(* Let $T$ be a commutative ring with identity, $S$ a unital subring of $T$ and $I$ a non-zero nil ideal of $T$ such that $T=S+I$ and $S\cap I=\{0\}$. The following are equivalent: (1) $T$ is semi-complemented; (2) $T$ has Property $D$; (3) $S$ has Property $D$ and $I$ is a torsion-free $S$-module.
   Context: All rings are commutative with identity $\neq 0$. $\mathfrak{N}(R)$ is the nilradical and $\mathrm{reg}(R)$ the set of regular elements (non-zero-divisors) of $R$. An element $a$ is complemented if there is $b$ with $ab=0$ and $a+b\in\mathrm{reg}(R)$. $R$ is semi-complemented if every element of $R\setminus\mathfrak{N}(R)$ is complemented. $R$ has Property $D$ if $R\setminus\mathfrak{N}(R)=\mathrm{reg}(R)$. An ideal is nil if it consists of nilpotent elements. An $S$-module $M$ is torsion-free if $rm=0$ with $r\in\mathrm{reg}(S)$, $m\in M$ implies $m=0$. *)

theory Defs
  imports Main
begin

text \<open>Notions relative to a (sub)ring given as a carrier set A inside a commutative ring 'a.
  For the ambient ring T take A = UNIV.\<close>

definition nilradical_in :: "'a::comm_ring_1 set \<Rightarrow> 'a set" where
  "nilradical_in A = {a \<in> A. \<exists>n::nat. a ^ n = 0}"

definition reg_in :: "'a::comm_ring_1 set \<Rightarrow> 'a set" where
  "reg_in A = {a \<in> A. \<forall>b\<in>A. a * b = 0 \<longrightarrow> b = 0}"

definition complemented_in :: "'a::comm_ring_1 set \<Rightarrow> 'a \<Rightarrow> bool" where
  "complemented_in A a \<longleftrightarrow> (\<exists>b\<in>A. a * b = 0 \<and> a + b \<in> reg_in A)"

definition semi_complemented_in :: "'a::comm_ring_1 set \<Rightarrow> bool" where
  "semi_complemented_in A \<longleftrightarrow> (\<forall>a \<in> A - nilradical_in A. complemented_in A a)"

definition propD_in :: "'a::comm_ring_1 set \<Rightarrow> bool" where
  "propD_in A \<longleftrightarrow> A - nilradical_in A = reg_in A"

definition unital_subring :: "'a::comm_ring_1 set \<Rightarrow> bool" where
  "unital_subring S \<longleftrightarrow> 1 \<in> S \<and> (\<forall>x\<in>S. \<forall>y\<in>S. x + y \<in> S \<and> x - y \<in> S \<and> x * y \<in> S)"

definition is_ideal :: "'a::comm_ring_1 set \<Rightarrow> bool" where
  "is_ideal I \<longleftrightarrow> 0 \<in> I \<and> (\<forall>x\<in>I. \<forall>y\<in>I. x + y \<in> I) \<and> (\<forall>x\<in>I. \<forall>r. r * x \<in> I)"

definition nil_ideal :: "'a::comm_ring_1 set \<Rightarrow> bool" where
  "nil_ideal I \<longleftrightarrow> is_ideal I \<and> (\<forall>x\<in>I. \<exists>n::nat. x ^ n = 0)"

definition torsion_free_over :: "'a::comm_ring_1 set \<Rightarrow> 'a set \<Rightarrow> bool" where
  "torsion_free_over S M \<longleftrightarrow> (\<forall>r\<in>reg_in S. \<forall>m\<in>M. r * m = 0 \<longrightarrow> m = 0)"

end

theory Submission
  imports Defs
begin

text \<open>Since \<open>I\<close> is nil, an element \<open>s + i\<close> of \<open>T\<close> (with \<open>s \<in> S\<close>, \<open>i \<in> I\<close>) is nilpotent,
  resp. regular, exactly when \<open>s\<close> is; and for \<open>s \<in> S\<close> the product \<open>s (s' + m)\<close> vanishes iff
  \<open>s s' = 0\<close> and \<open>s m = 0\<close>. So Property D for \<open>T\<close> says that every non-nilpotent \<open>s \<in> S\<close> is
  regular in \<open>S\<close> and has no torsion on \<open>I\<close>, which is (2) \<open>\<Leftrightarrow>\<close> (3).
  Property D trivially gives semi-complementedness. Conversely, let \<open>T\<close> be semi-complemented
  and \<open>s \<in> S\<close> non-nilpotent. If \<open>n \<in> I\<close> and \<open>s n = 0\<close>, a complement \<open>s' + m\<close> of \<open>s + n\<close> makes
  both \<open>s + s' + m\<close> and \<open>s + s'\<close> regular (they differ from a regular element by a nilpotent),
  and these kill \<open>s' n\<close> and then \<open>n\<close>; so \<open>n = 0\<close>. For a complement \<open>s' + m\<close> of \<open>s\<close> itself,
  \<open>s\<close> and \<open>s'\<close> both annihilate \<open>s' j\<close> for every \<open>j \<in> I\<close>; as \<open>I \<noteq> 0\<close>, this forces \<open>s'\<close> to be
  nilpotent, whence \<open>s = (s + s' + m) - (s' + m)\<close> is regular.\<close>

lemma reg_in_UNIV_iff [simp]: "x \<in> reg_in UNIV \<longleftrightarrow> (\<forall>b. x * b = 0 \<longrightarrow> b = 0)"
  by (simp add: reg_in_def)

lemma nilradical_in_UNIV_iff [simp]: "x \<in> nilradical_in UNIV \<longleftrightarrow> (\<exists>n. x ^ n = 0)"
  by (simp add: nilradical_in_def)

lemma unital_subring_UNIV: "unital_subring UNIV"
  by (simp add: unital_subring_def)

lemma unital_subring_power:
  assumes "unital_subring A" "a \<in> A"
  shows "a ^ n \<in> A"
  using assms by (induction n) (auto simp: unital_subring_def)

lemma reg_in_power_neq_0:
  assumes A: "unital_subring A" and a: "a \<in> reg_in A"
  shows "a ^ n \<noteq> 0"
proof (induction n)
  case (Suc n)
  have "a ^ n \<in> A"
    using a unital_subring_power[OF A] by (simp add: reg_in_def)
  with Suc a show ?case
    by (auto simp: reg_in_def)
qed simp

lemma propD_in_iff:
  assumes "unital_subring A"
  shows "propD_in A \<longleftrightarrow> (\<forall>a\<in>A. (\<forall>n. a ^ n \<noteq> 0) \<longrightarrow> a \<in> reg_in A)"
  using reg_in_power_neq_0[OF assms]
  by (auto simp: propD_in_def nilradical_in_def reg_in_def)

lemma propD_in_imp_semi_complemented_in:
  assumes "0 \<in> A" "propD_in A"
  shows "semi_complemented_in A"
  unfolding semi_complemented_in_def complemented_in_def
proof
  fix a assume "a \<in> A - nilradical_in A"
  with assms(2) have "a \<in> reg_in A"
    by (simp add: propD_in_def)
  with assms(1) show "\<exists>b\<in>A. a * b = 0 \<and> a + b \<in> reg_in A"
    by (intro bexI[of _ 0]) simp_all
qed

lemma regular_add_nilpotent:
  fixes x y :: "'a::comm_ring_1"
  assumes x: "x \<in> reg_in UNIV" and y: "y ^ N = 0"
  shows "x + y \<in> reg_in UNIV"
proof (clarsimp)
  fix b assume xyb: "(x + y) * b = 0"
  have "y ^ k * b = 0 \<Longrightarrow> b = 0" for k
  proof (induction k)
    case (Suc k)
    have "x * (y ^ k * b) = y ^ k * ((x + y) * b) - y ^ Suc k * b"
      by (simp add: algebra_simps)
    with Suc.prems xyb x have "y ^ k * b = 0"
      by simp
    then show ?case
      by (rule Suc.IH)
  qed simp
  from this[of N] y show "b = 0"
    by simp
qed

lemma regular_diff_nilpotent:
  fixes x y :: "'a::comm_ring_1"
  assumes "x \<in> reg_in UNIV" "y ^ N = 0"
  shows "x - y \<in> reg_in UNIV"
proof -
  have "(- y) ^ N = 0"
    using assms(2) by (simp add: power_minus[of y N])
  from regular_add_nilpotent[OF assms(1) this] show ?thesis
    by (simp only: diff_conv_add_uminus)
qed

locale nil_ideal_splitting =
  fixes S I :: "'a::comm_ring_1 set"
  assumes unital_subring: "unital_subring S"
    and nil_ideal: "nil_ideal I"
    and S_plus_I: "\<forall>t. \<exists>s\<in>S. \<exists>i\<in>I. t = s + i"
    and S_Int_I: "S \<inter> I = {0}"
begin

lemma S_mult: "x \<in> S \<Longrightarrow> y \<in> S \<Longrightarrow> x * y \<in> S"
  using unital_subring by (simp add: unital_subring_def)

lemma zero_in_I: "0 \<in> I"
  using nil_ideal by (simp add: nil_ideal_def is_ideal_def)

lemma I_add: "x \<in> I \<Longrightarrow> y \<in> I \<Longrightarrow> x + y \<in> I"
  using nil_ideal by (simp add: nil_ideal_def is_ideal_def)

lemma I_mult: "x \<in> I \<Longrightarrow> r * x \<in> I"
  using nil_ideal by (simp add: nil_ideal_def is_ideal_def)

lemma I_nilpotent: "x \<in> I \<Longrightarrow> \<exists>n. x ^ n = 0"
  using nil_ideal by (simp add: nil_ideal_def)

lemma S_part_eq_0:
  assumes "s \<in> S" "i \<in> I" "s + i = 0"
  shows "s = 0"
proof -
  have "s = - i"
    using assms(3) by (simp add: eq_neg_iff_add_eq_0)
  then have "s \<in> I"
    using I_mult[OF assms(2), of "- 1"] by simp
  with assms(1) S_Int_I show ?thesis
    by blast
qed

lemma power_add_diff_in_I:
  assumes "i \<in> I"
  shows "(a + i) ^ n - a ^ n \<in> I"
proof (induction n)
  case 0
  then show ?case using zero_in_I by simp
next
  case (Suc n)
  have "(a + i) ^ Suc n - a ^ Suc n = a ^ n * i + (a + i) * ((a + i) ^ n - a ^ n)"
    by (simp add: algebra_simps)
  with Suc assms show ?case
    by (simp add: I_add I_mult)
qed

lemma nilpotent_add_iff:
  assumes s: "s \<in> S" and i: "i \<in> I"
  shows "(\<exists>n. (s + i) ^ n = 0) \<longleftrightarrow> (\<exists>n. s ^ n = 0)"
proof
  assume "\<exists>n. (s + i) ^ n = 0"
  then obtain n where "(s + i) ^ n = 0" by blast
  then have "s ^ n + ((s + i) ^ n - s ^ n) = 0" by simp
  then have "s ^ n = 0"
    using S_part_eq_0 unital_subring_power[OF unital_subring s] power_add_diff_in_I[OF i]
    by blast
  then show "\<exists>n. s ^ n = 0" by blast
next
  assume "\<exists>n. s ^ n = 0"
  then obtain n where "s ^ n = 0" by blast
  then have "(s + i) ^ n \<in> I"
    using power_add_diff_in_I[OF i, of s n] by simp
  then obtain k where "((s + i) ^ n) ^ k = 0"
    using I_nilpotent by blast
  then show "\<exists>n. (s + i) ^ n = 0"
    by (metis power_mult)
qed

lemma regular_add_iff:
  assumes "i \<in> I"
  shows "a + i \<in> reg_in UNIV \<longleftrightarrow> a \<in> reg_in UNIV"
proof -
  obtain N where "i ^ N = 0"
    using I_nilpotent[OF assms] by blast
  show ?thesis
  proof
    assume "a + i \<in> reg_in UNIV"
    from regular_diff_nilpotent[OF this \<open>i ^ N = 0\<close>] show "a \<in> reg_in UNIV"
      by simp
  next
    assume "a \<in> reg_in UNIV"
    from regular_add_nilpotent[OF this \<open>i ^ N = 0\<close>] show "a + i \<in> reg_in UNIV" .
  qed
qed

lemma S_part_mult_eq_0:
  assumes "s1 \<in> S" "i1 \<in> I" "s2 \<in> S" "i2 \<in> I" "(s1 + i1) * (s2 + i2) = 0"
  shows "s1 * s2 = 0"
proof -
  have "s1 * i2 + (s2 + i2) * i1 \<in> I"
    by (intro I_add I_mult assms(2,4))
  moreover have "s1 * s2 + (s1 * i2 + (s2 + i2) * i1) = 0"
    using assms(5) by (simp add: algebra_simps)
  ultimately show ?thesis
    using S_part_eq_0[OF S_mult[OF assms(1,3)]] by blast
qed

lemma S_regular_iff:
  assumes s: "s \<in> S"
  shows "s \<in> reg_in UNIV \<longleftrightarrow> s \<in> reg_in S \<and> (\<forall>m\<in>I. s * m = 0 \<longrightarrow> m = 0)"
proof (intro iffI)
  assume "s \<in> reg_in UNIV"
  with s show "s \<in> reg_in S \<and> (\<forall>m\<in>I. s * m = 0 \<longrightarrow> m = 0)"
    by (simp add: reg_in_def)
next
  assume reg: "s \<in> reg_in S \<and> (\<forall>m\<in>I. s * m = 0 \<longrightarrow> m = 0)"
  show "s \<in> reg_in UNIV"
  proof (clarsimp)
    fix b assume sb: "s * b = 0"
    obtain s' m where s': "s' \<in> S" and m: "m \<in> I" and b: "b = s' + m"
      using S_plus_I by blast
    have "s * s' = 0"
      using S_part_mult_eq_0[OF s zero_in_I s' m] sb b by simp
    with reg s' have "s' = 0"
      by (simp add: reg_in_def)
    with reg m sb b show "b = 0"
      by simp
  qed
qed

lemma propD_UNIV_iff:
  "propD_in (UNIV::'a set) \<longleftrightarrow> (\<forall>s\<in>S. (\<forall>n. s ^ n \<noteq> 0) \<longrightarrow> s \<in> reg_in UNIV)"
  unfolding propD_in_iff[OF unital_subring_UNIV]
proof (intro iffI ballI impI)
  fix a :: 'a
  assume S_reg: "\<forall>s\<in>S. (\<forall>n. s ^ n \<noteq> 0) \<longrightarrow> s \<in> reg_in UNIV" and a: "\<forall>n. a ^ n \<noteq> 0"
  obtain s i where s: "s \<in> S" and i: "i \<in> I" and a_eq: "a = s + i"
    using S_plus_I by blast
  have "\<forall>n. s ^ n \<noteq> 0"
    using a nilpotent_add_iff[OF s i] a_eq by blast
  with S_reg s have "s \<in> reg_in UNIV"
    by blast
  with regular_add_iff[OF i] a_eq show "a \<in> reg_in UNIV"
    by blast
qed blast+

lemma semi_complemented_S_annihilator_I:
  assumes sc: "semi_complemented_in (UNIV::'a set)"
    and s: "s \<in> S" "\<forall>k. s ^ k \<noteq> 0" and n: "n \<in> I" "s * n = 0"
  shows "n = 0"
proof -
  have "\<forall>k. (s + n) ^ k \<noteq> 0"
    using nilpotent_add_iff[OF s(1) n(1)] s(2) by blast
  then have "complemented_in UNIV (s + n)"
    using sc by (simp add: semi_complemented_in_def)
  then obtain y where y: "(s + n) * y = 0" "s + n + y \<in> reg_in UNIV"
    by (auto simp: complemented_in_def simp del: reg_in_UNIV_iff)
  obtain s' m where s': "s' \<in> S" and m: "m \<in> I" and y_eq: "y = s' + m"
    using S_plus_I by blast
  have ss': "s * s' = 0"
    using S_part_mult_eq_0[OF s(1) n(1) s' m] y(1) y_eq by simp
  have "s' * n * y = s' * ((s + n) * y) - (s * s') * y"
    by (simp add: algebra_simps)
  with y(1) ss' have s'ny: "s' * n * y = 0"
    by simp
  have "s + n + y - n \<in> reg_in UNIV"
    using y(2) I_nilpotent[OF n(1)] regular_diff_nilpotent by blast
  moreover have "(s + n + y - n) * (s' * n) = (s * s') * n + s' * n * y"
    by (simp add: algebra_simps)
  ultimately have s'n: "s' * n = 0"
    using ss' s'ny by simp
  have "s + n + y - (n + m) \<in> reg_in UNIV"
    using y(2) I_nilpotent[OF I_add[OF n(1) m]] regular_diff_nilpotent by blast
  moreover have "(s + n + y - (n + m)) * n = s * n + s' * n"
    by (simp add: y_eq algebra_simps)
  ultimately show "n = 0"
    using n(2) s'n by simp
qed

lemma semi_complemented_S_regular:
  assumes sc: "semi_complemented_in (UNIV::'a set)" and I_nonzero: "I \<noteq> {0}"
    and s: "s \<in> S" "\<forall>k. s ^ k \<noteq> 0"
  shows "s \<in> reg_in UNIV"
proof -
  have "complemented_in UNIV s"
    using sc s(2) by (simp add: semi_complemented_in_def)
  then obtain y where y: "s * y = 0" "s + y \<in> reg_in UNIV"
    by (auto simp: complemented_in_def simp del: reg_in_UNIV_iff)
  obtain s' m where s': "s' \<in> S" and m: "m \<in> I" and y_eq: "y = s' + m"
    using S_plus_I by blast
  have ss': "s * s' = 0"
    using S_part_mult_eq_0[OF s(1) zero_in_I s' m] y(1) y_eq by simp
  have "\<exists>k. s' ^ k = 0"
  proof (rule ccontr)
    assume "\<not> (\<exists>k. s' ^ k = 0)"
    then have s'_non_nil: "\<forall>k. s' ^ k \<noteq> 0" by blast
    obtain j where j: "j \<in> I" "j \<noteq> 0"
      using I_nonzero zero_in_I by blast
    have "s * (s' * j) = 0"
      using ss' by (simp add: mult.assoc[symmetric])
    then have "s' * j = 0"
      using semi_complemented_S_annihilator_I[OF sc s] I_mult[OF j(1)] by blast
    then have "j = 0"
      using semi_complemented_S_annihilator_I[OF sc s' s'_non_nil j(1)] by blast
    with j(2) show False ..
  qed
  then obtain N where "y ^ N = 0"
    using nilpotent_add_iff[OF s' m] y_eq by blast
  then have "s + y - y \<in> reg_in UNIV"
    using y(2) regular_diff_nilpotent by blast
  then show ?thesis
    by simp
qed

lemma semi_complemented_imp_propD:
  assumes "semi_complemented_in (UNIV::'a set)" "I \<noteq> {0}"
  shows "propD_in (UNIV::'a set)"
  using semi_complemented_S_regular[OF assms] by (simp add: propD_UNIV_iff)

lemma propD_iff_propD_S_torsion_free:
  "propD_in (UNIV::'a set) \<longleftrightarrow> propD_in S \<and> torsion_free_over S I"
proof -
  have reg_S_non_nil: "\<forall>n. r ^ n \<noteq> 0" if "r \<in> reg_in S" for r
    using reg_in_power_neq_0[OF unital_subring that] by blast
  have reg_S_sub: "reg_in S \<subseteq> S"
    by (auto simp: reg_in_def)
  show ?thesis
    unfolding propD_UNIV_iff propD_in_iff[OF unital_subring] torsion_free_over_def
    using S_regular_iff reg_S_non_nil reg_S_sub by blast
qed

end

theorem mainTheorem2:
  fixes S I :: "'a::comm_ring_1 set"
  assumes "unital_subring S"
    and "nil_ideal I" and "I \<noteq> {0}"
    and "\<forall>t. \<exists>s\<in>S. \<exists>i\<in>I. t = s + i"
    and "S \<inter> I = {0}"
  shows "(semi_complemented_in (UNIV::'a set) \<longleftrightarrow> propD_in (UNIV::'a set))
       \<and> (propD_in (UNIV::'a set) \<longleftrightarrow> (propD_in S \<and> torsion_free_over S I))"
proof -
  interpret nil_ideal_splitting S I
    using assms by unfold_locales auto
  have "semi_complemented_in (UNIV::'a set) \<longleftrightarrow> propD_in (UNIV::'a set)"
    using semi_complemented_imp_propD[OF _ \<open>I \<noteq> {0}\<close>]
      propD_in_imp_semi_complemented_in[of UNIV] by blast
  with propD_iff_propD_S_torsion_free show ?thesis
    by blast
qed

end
_____
• Assignment:
Filter the data above, keeping only lines that include the string "case".

• Written solution:
  case (Suc n)
  with Suc a show ?case
    case (Suc k)
    then show ?case
  case 0
  then show ?case using zero_in_I by simp
  case (Suc n)
  with Suc assms show ?case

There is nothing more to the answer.